Every six months TOP500.org announces its list of the top 500 fastest supercomputers. The new TOP500 list -- their 55th -- was announced today with a brand new system at the top.

Installed at the RIKEN Center for Computational Science, the system is named Fugaku. It is comprised of Fujitsu A64FX SoCs, each of which sports 48 cores at 2.2 GHz and is based on the ARM architecture. In total, it has 7,299,072 cores and attains an Rmax of 415.5 (PFlop/s) on the High Performance Linpack benchmark.

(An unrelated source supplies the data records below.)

lemma expected_l_TS_lower:
  assumes "0 \<le> p" "p \<le> 1"
  shows "p * real n ^ 2 - 1 \<le> expected_l_TS p n"
proof -
  let ?P = "Pi_pmf (square n) False (\<lambda>_. bernoulli_pmf p)"
  have int: "integrable (measure_pmf ?P) f" for f :: "_ \<Rightarrow> real"
    by (rule integrable_Pi_pmf_finite[OF finite_square])
  have coord: "measure_pmf.expectation ?P (\<lambda>\<omega>. of_bool (\<omega> x)) = p" if "x \<in> square n" for x
  proof -
    have "measure_pmf.expectation ?P (\<lambda>\<omega>. of_bool (\<omega> x) :: real) =
        measure_pmf.expectation (map_pmf (\<lambda>f. f x) ?P) of_bool"
      by (simp add: integral_map_pmf)
    also have "\<dots> = p" using assms that by (simp add: Pi_pmf_component)
    finally show ?thesis .
  qed
  have count: "(\<Sum>x\<in>square n. of_bool (\<omega> x)) - 1 \<le> real (l_TS (D_set n \<omega>))" for \<omega>
  proof -
    have "(\<Sum>x\<in>square n. of_bool (\<omega> x) :: real) = real (card (D_set n \<omega>))"
      by (simp add: D_set_def Int_def conj_commute)
    with card_le_l_TS[of "D_set n \<omega>"] show ?thesis by (simp add: D_set_def)
  qed
  have "(\<Sum>x\<in>square n. measure_pmf.expectation ?P (\<lambda>\<omega>. of_bool (\<omega> x))) = (\<Sum>x\<in>square n. p)"
    by (rule sum.cong) (simp_all add: coord)
  then have "p * real n ^ 2 - 1 = (\<Sum>x\<in>square n. measure_pmf.expectation ?P (\<lambda>\<omega>. of_bool (\<omega> x))) - 1"
    by (simp add: square_def card_cartesian_product power2_eq_square)
  also have "\<dots> = measure_pmf.expectation ?P (\<lambda>\<omega>. (\<Sum>x\<in>square n. of_bool (\<omega> x)) - 1)"
    by (simp add: int Bochner_Integration.integral_sum del: sum_of_bool_eq)
  also have "\<dots> \<le> expected_l_TS p n"
    unfolding expected_l_TS_def perc_def by (rule integral_mono[OF int int count])
  finally show ?thesis .
qed

lemma expected_l_TS_rescale:
  assumes "1 \<le> N" "1 \<le> n"
  shows "expected_l_TS p N / real N ^ 2 \<le>
           ((real N + real n) / real N) ^ 2 * (expected_l_TS p n / real n ^ 2 + 3 / real n)"
proof -
  define k where "k = (N + n - 1) div n"
  have "k * n + (N + n - 1) mod n = N + n - 1" unfolding k_def by (rule div_mult_mod_eq)
  moreover have "(N + n - 1) mod n < n" using assms by simp
  ultimately have kn: "N \<le> k * n" "k * n \<le> N + n" using assms by linarith+
  then have "0 < k" using assms by (cases k) auto
  define b where "b = expected_l_TS p n / real n ^ 2 + 3 / real n"
  have "0 \<le> b" by (simp add: b_def expected_l_TS_nonneg)
  have "expected_l_TS p N \<le> expected_l_TS p (k * n)" by (rule expected_l_TS_mono[OF kn(1)])
  also have "\<dots> \<le> real k ^ 2 * (expected_l_TS p n + 3 * real n)"
    using assms \<open>0 < k\<close> by (intro expected_l_TS_tiling) auto
  also have "\<dots> = (real k * real n) ^ 2 * b"
    using assms by (simp add: b_def field_simps power2_eq_square)
  also have "\<dots> \<le> (real N + real n) ^ 2 * b"
    using kn(2) \<open>0 \<le> b\<close> by (intro mult_right_mono power_mono) (simp_all flip: of_nat_mult of_nat_add)
  finally have "expected_l_TS p N / real N ^ 2 \<le> (real N + real n) ^ 2 * b / real N ^ 2"
    by (simp add: divide_right_mono)
  then show ?thesis by (simp add: b_def power_divide)
qed

lemma LIMSEQ_INF_of_rescaling_bound:
  fixes a :: "nat \<Rightarrow> real"
  assumes nonneg: "\<And>n. 0 \<le> a n" "0 \<le> c"
    and bound: "\<And>N n. 1 \<le> N \<Longrightarrow> 1 \<le> n \<Longrightarrow>
                  a N \<le> ((real N + real n) / real N) ^ 2 * (a n + c / real n)"
  shows "a \<longlonglongrightarrow> (INF n\<in>{1..}. a n + c / real n)"
proof -
  define b where "b n = a n + c / real n" for n
  define \<alpha> where "\<alpha> = (INF n\<in>{1..}. b n)"
  have bdd: "bdd_below (b ` {1..})" using nonneg by (intro bdd_belowI[of _ 0]) (auto simp: b_def)
  have "a \<longlonglongrightarrow> \<alpha>"
  proof (rule order_tendstoI)
    fix y assume "y < \<alpha>"
    moreover have "(\<lambda>N. \<alpha> - c / real N) \<longlonglongrightarrow> \<alpha> - 0"
      by (intro tendsto_diff tendsto_const lim_const_over_n)
    ultimately have "eventually (\<lambda>N. y < \<alpha> - c / real N) sequentially"
      by (intro order_tendstoD(1)) auto
    then show "eventually (\<lambda>N. y < a N) sequentially"
      using eventually_ge_at_top[of "1::nat"]
    proof eventually_elim
      case (elim N)
      with cINF_lower[OF bdd, of N] show ?case by (simp add: \<alpha>_def b_def)
    qed
  next
    fix y assume "\<alpha> < y"
    then obtain n where n: "1 \<le> n" "b n < y"
      using cINF_less_iff[OF _ bdd] by (auto simp: \<alpha>_def)
    have "(\<lambda>N. (1 + real n / real N) ^ 2 * b n) \<longlonglongrightarrow> (1 + 0) ^ 2 * b n"
      by (intro tendsto_intros lim_const_over_n)
    with n(2) have "eventually (\<lambda>N. (1 + real n / real N) ^ 2 * b n < y) sequentially"
      by (intro order_tendstoD(2)) auto
    then show "eventually (\<lambda>N. a N < y) sequentially"
      using eventually_ge_at_top[of "1::nat"]
    proof eventually_elim
      case (elim N)
      then have "(real N + real n) / real N = 1 + real n / real N" by (simp add: field_simps)
      with elim bound[OF elim(2) n(1)] show ?case by (simp add: b_def)
    qed
  qed
  then show ?thesis by (simp add: \<alpha>_def b_def)
qed

theorem lemma2p3:
  fixes p :: real
  assumes "0 < p" and "p < 1"
  shows "\<exists>\<alpha>::real. \<alpha> > 0 \<and>
    ((\<lambda>n::nat. measure_pmf.expectation (perc p n) (\<lambda>\<omega>. real (l_TS (D_set n \<omega>)))
        / (real n)^2) \<longlongrightarrow> \<alpha>) sequentially"
proof -
  define b where "b n = expected_l_TS p n / real n ^ 2 + 3 / real n" for n
  have "(\<lambda>n. expected_l_TS p n / real n ^ 2) \<longlonglongrightarrow> (INF n\<in>{1..}. b n)"
    unfolding b_def
    by (rule LIMSEQ_INF_of_rescaling_bound) (simp_all add: expected_l_TS_nonneg expected_l_TS_rescale)
  moreover have "p \<le> b n" if "1 \<le> n" for n
  proof -
    have "(p * real n ^ 2 - 1) / real n ^ 2 \<le> expected_l_TS p n / real n ^ 2"
      using expected_l_TS_lower[of p n] assms by (simp add: divide_right_mono)
    moreover have "(p * real n ^ 2 - 1) / real n ^ 2 = p - 1 / real n ^ 2"
      using that by (simp add: field_simps)
    moreover have "1 / real n ^ 2 \<le> 3 / real n"
      using that by (simp add: field_simps power2_eq_square)
    ultimately show ?thesis by (simp add: b_def)
  qed
  then have "p \<le> (INF n\<in>{1..}. b n)" by (intro cINF_greatest) auto
  ultimately show ?thesis
    using assms unfolding expected_l_TS_def by (intro exI[of _ "INF n\<in>{1..}. b n"]) auto
qed

end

The previous top system is now in 2nd place. The Summit is located at the Oak Ridge National Laboratory and was built by IBM. Each node has two 22-core 3.07 GHz Power9 CPUs and six NVIDIA Tesla V100 GPUs. With a total of 2,414,592 cores, it is rated at an Rmax of 148.6 (PFlop/s).

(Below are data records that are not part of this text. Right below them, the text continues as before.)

section \<open>Diagonal forms give Liouville domains\<close>

lemma radial_term_decomposition:
  fixes c :: "'n::finite \<Rightarrow> real"
  assumes a_pos: "\<forall>k. a k > 0" and z_fibre: "brieskorn a z = of_real eps"
    and c_inverse: "\<forall>k. 1 / c k = th0 + th1 / real (a k)"
  defines "u \<equiv> brieskorn_grad a z"
  defines "D \<equiv> \<Sum>k\<in>UNIV. (cmod (u k))\<^sup>2 / c k"
    and "B \<equiv> \<Sum>k\<in>UNIV. u k * z$k / of_real (c k)"
    and "A \<equiv> \<Sum>k\<in>UNIV. u k * z$k"
  shows "D - Re (cnj B * A)
         = th0 * ((\<Sum>k\<in>UNIV. (cmod (u k))\<^sup>2) - (cmod A)\<^sup>2)
           + th1 * ((\<Sum>k\<in>UNIV. (cmod (u k))\<^sup>2 / real (a k)) - eps * Re A)"
proof -
  have "D = th0 * (\<Sum>k\<in>UNIV. (cmod (u k))\<^sup>2) + th1 * (\<Sum>k\<in>UNIV. (cmod (u k))\<^sup>2 / real (a k))"
  proof -
    have "(cmod (u k))\<^sup>2 / c k = th0 * (cmod (u k))\<^sup>2 + th1 * ((cmod (u k))\<^sup>2 / real (a k))" for k
      using c_inverse[rule_format, of k] by (simp add: divide_inverse algebra_simps flip: inverse_eq_divide)
    then show ?thesis by (simp add: D_def sum.distrib sum_distrib_left)
  qed
  moreover have "B = of_real th0 * A + of_real th1 * of_real eps"
  proof -
    have "u k * z$k / of_real (c k) = of_real th0 * (u k * z$k) + of_real th1 * z$k ^ a k" for k
    proof -
      have "u k * z$k / of_real (c k) = u k * z$k * of_real (1 / c k)"
        by (simp add: divide_inverse)
      also have "\<dots> = of_real th0 * (u k * z$k) + of_real th1 * (u k * z$k / of_nat (a k))"
        using c_inverse by (simp add: algebra_simps)
      finally show ?thesis
        using a_pos[rule_format, of k] by (simp add: u_def brieskorn_grad_mult)
    qed
    then show ?thesis
      using z_fibre by (simp add: B_def A_def brieskorn_def sum.distrib flip: sum_distrib_left)
  qed
  ultimately show ?thesis
    unfolding cmod_power2[of A] by (simp add: algebra_simps power2_eq_square)
qed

Rounding out the top 3 is the Sierra which is also by IBM. It has 22-core POWER9 CPUs running at 3.1GHz and NVIDIA Volta GV100 GPUs. Its score is 94.6 (PFlop/s).

When the list was first published in June of 1993, the top system on the list, installed at Los Alamos National Laboratory, was a CM-5/1024 by Thinking Machines Corporation. Comprised of 1,024 cores, it was rated at a peak of 59.7 Rmax (GFlop/s). (It would require over 8.6 million of them to match the compute power of today's number one system.) in June 1993, #100 was a Cray Y-MP8/8128 installed at Lawrence Livermore National Laboratory and rated at 2.1 Rmax (GFlop/s). On that first list, 500th place went to an HPE C3840 having 4 cores and an Rmax of 0.4 (GFlop/s). Yes, that is 400 KFlop/s.

I wonder how today's cell phones would rate against that first list?

For the curious, the benchmark code can be downloaded from http://www.netlib.org/benchmark/hpl/.